A computational framework for quantifying collective ferroptosis dynamics from live-cell imaging. Using single-cell death times, morphological death fates (necrotic vs apoptotic-like), and cell positions, the framework computes spatiotemporal statistics that distinguish single-cell from propagative ferroptosis:

  • Spatial Segregation Index (SSI): quantifies whether different death fates cluster in space.
  • Spatial Propagation Index (SPI): quantifies whether neighboring cells of the same fate die more synchronously than expected by chance.

These metrics enable systematic comparison across perturbations (e.g., GPX4 inhibition vs glutathione depletion) and help reveal mechanisms underlying locally propagative, lysosome-linked death waves in cell populations.

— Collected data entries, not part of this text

(* Let $n\ge 2$, $0<k\le\lfloor n/2\rfloor$, $m_1,\dots,m_n\in\mathbb{R}$, and let $\mathcal{M}(t)$ be the $n\times n$ matrix whose first $k$ rows are $\big(e^{-m_1t}m_1^{r},\dots,e^{-m_nt}m_n^{r}\big)$ for $r=0,1,\dots,k-1$ and whose last $n-k$ rows are $\big(m_1^{s},\dots,m_n^{s}\big)$ for $s=0,1,\dots,n-k-1$. Then the power series of $\det\mathcal{M}(t)$ about $t=0$ has no terms of degree less than $k(n-k)$ and begins $$\det\mathcal{M}(t)=\frac{\varepsilon_{k,n}V}{(k(n-k))!}\,c_0\,t^{k(n-k)}+\dots,$$ where $V=\prod_{1\le i<j\le n}(m_i-m_j)$, $\varepsilon_{k,n}=(-1)^{k(n-k)+\sigma(k)+\sigma(n-k)}$, and $$c_0=(k(n-k))!\prod_{i=1}^{k}\frac{(i-1)!}{(n-k+i-1)!}.$$
   Context: $\sigma:\mathbb{Z}\to\{0,1\}$ is defined by $\sigma(N)=0$ if $N\equiv 0,1\pmod 4$ and $\sigma(N)=1$ if $N\equiv 2,3\pmod 4$. *)

theory Defs
  imports "HOL-Analysis.Analysis" "Jordan_Normal_Form.Determinant"
begin

definition sigma :: "int \<Rightarrow> nat" where
  "sigma N = (if N mod 4 \<in> {0, 1} then 0 else 1)"

text \<open>The n x n matrix M(t); rows/columns 0-indexed, m indexed 1..n.
 Row r < k: entries exp(-m_j t) m_j^r; row k+s: entries m_j^s.\<close>
definition Mmat :: "nat \<Rightarrow> nat \<Rightarrow> (nat \<Rightarrow> real) \<Rightarrow> real \<Rightarrow> real mat" where
  "Mmat n k m t = Matrix.mat n n (\<lambda>(i, j).
      if i < k then exp (- m (Suc j) * t) * m (Suc j) ^ i
      else m (Suc j) ^ (i - k))"

definition Vand :: "nat \<Rightarrow> (nat \<Rightarrow> real) \<Rightarrow> real" where
  "Vand n m = (\<Prod>i\<in>{1..n}. \<Prod>j\<in>{i<..n}. (m i - m j))"

definition eps_kn :: "nat \<Rightarrow> nat \<Rightarrow> real" where
  "eps_kn k n = (-1) ^ (k * (n - k) + sigma (int k) + sigma (int (n - k)))"

definition c0 :: "nat \<Rightarrow> nat \<Rightarrow> real" where
  "c0 k n = fact (k * (n - k)) * (\<Prod>i\<in>{1..k}. fact (i - 1) / fact (n - k + i - 1))"

end

theory Submission
  imports Defs
begin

To examine the full paper, please visit [URL]

Overview figure


Key Features

  • Cell death quantification of collective ferroptosis from time-lapse imaging.
  • Spatial segregation index evaluating tendency of same death group to cluster.
  • Voronoi-based neighboring cells detection with a biologically motivated distance cutoff of 100 microns.
  • Permutation testing (bootstrapping) for statistical significance of SSI and SPI.
  • Reproducible scripts for preprocessing → SSI/SPI computation → plotting and figure generation
  • Designed to support multiple biological replicates and varying acquisition rates (e.g., 5-min and 10-min imaging)

Repository Structure

CellDeathSpreading/
├── README.md
├── environment.yml             # full requirments for installing the relavant enviroment to generate the results in the paper and apply it on other datab
├── main.py
├── LICENSE
├── figures/                    # figures in paper that were the results of this analysis
├── notebooks/                  # notebooks
│   ├── paper_figures/                # generating the paper figure of SPI and SSI analysis
│   ├── sensitivity_analysis/                  # performing sensitivity analysis of distance threshold and time sliding window 
│   └── statistical_signifigance/  
│             # reproming permutation tests + p-values
├── src/                        # main scripts of SSI and SPI quantifications
├── data/   
│   ├──  mixed_death_annotations  # csvs of manual annotation of death times and modes
│   └── metadata.csv                # metadata of expreiments that were manually annotated in mixed_death_annotations  
│ 
└── results/                    # csvs summery of running the analysis on data stored in /data    

Setup Instructions

Quick Start

# 1) Clone and enter repo
git clone https://github.com/zaritskylab/CellDeathSpreading.git
cd CellDeathSpreading

# 2) Create and activate environment
conda env create -f environment.yml
conda activate CellDS

Configuration

Experiments are configured via command‑line arguments

Run Example 1

# Run SPI only, using mixed experiments
python main.py \
  --run_analysis spi \
  --data_dir /path/to/data \
  --results_dir /path/to/results \
  --files_to_analyze mixed \
  --sliding_window_size 5 10 \
  --distance_threshold 50 100 \
  --n_permutations 1000

Run Example 2

# Run SSI only over mixed co-culture experiments
python main.py \
  --run_analysis ssi \
  --data_dir /path/to/data \
  --results_dir /path/to/results \
  --files_to_analyze mixed \
  --distance_threshold 100

Run Example 3

# Run both SPI and SSI and save to custom CSV names
python main.py \
  --run_analysis all \
  --spi_csv_file AllExperimentsSPIs_updated.csv \
  --ssi_csv_file SSI_sensitivity.csv

To run main on new data:

The data should be csvs of time of death, mode of death and the location of cells with columns: death_time, death_mode, cell_x, cell_y.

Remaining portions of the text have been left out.